During quarter ended June 30, 2010, the Company issued convertible notes (“Q2 Notes”) payable to investors in the aggregate amount of $90,000.  The Q2 Notes carried an 8% interest rate and are due in full nine months from the date of issuance.  The Q2 Notes were convertible into Common Stock of the Company starting 90 days after the issuance date until maturity or when paid whichever is later.  The conversion price is variable, based on a fifty percent discount per share on the average of the three lowest trading prices for the ten trading days ending one trading day prior to the date the conversion notice is sent to the Company, subject to adjustments.
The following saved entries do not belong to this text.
section \<open>Invariance and injectivity\<close>

lemma b_form_invariant_spin_gen:
  assumes "g \<in> spin_p'_gens p q p'"
  shows "bf (\<rho> g s) (\<rho> g t) = bf s t"
proof -
  obtain u v where g: "g = cl_mult p q (cl_vec (p+q) u) (cl_vec (p+q) v)"
    and u: "\<forall>i. i \<ge> p' \<longrightarrow> u i = 0" and v: "\<forall>i. i \<ge> p' \<longrightarrow> v i = 0"
    and "\<bar>vinner p q u u\<bar> = 1" "\<bar>vinner p q v v\<bar> = 1"
    using assms unfolding spin_p'_gens_def by blast
  moreover have "0 \<le> vinner p q x x" if "\<forall>i. i \<ge> p' \<longrightarrow> x i = 0" for x
    unfolding vinner_def
  proof (intro sum_nonneg)
    fix i
    show "0 \<le> metric p i * x i * x i" using that metric_below_p'[of i] by (cases "i < p'") auto
  qed
  ultimately have "vinner p q u u = 1" "vinner p q v v = 1" by simp_all
  then show ?thesis
    unfolding g
    by (rule bilinear_invariant_of_skew[OF b_form_bilinear b_form_cl_vec_pair_skew[OF u v]
          rho_cl_vec_pair_square])
qed

lemma b_form_invariant_spin0_gen:
  assumes "g \<in> spin0_gens p q p'"
  shows "bf (\<rho> g s) (\<rho> g t) = bf s t"
proof -
  obtain a where g: "g = cl_exp p q a"
    and a: "\<forall>A. a A \<noteq> 0 \<longrightarrow> A \<subseteq> {p'..<p+q} \<and> card A = 2"
    using assms unfolding spin0_gens_def by blast
  have even: "in_cl0 (p+q) a" using a unfolding in_cl0_def in_cl_def cl_even_def by force
  have "bf (\<rho> (cl_blade A) s) t + bf s (\<rho> (cl_blade A) t) = 0" if "a A \<noteq> 0" for A s t
  proof -
    have A: "A \<subseteq> {p'..<p+q}" "card A = 2" using a that by auto
    then obtain x y where "x \<noteq> y" "A = {x, y}" by (auto simp: card_2_iff)
    then obtain x y where xy: "x < y" "A = {x, y}" by (metis insert_commute linorder_neq_iff)
    then have "x < p+q" "y < p+q" "p' \<le> x" "p' \<le> y" using A by auto
    moreover have "\<rho> (cl_blade A) = rho_pair x y"
      unfolding rho_pair_def using xy calculation by (simp add: cl_e_mult_pair)
    ultimately show ?thesis using xy by (simp add: b_form_rho_pair_skew)
  qed
  then have "bf (\<rho> a s) t + bf s (\<rho> a t) = 0" for s t
    by (rule bilinear_skew_of_blade_skew[OF b_form_bilinear even])
  then show ?thesis
    unfolding g by (rule bilinear_invariant_cl_exp[OF b_form_bilinear even])
qed

lemma b_form_invariant_iota_gen:
  assumes "g \<in> iota_pin_gens p q p'"
  shows "bf (\<rho> g s) (\<rho> g t) = bf s t"
proof -
  obtain x where g: "g = cl_mult p q (cl_blade {0..<p'}) (cl_vec (p+q) x)"
    and x: "\<forall>i. i < p \<or> i \<ge> p+q \<longrightarrow> x i = 0" and "(\<Sum>i\<in>{p..<p+q}. (x i)\<^sup>2) = 1"
    using assms unfolding iota_pin_gens_def by blast
  then have "\<rho> g (\<rho> g w) = - w + 0 *\<^sub>R \<rho> g w" for w
    using rho_iota_gen_square by simp
  moreover have "bf (\<rho> g s) t + bf s (\<rho> g t) = 0 * bf s t" for s t
  proof -
    have "bf (\<rho> g s) t + bf s (\<rho> g t)
        = (\<Sum>k\<in>{p..<p+q}. x k * (bf (iota_op k s) t + bf s (iota_op k t)))"
      unfolding g rho_iota_gen[OF x] using b_form_bilinear
      by (simp add: bilinear_sum_left bilinear_sum_right bilinear_lmul bilinear_rmul sum.distrib distrib_left)
    also have "\<dots> = 0"
      using b_form_iota_op_skew p'_le_p by (intro sum.neutral) auto
    finally show ?thesis by simp
  qed
  ultimately show ?thesis by (intro bilinear_invariant_of_skew[OF b_form_bilinear])
qed

lemma b_form_invariant_K_hat:
  assumes "g \<in> K_hat p q p'"
  shows "bf (\<rho> g s) (\<rho> g t) = bf s t"
proof -
  have "in_cl0 (p+q) g \<and> (\<forall>s t. bf (\<rho> g s) (\<rho> g t) = bf s t)"
    if "g \<in> spin_p'_gens p q p' \<union> spin0_gens p q p' \<union> iota_pin_gens p q p'" for g
    using that in_cl0_K_hat_gen b_form_invariant_spin_gen b_form_invariant_spin0_gen b_form_invariant_iota_gen
    by blast
  then show ?thesis
    using cl_gen_group_invariant assms unfolding K_hat_def by blast
qed

lemma b_form_in_invariant_sym_forms: "bf \<in> invariant_sym_forms p q p' \<rho>"
  unfolding invariant_sym_forms_def
  using b_form_bilinear b_form_symmetric b_form_invariant_K_hat by blast

end

lemma (in khat_setting) b_form_inj_on: "inj_on (b_form p q p' \<rho>) (equiv_maps p q \<rho>)"
proof (rule inj_onI)
  fix Pm1 Pm2
  assume "Pm1 \<in> equiv_maps p q \<rho>" "Pm2 \<in> equiv_maps p q \<rho>"
    and eq: "b_form p q p' \<rho> Pm1 = b_form p q p' \<rho> Pm2"
  then interpret P1: khat_pairing p q \<rho> p' p'' Pm1 + P2: khat_pairing p q \<rho> p' p'' Pm2
    by unfold_locales
  show "Pm1 = Pm2"
  proof (intro ext)
    fix s t c
    show "Pm1 s t c = Pm2 s t c"
      using P1.pairing_from_b_form[of s t c] P2.pairing_from_b_form[of s t c] eq by simp
  qed
qed

lemma b_form_lincomb:
  "b_form p q p' \<rho> (\<lambda>s t i. a * Pm1 s t i + c * Pm2 s t i)
     = (\<lambda>s t. a * b_form p q p' \<rho> Pm1 s t + c * b_form p q p' \<rho> Pm2 s t)"
  unfolding b_form_def vinner_def by (intro ext) (simp add: sum.distrib sum_distrib_left algebra_simps)

theorem mainTheorem6:
  fixes p q p' p'' :: nat and \<rho> :: "cl \<Rightarrow> 'w::real_vector \<Rightarrow> 'w"
  assumes "p = p' + p''" and "p' mod 4 = 3" and "cl0_module p q \<rho>"
  shows "(\<forall>Pm\<in>equiv_maps p q \<rho>. b_form p q p' \<rho> Pm \<in> invariant_sym_forms p q p' \<rho>)
       \<and> (\<forall>Pm1\<in>equiv_maps p q \<rho>. \<forall>Pm2\<in>equiv_maps p q \<rho>. \<forall>a c.
            b_form p q p' \<rho> (\<lambda>s t i. a * Pm1 s t i + c * Pm2 s t i)
              = (\<lambda>s t. a * b_form p q p' \<rho> Pm1 s t + c * b_form p q p' \<rho> Pm2 s t))
       \<and> inj_on (b_form p q p' \<rho>) (equiv_maps p q \<rho>)"
proof -
  interpret khat_setting p q \<rho> p' p''
    using assms by unfold_locales
  have "b_form p q p' \<rho> Pm \<in> invariant_sym_forms p q p' \<rho>" if "Pm \<in> equiv_maps p q \<rho>" for Pm
  proof -
    interpret khat_pairing p q \<rho> p' p'' Pm
      using that by unfold_locales
    show ?thesis by (rule b_form_in_invariant_sym_forms)
  qed
  then show ?thesis using b_form_lincomb b_form_inj_on by blast
qed

end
The Company valued the conversion feature of the Q2 Notes via the Black-Scholes valuation method.  The total fair value calculated for the conversion was $55,900, which was recorded as a derivative liability on the Company’s balance sheet.  Of this amount, $25,900 was allocated to the discount on the Q2 Notes and $4,800 was charged to operations for the quarter ended March 31, 2011.

As of March 31, 2011 the Q2 Notes and their corresponding interest have been fully converted into shares of common stock, as of this date the outstanding balance of the Q2 Notes is $0.

As of March 31, 2011, the Company recorded $280,000 in amortization expense of the discount on the both the Bridge and Q2 Notes.  Interest in the aggregate amount of $8,600 was accrued on the Notes during the three months ended March 31, 2011.
 
Additionally in March 2011, the Company issued a new convertible note (“Q111 Note”) payable to Asher Enterprises in the amount of $37,500.  The Q111 Note carries an 8% interest rate and is due in full nine months from the date of issuance.  The Q 111 Note is convertible into Common Stock of the Company starting 90 days after the issuance date until maturity or when paid whichever is later.  The conversion price is variable, based on a fifty percent discount per share on the average of the three lowest trading prices for the ten trading days ending one trading day prior to the date the conversion notice is sent to the Company, subject to adjustments. The Company valued the conversion feature derivative liability of this note via the Black-Scholes valuation method.  The total fair value calculated for the conversion was $25,400, which was recorded as a derivative liability and was allocated as a discount to the note on the Company’s balance sheet.  
 
NOTE 8     NOTE PAYABLE AND OTHER RELATED PARTY TRANSACTIONS

On September 18, 2008, the Company entered into a related party transaction with Dr. Claude Ranoux, the President, Director and Chief Scientific Officer of the Company.  Dr. Ranoux had loaned funds to the Company to sustain its operations since January 5, 2007 (inception).  Dr. Ranoux’s total cumulative investment at March 31, 2011 is $46,962 (“principal”) in INVO Bioscience.  On March 26, 2009, the Company and Dr Ranoux agreed to amend the agreement to a non-convertible note payable bearing interest at 5% per annum, the term of the note has been extended, the repayment date is October 31, 2011.  The Company and Dr. Ranoux can jointly decide to repay the loan earlier without prepayment penalties and has decided to do so. During the three months ended March 31, 2011 $2,000 was repaid on the principal of the loan. 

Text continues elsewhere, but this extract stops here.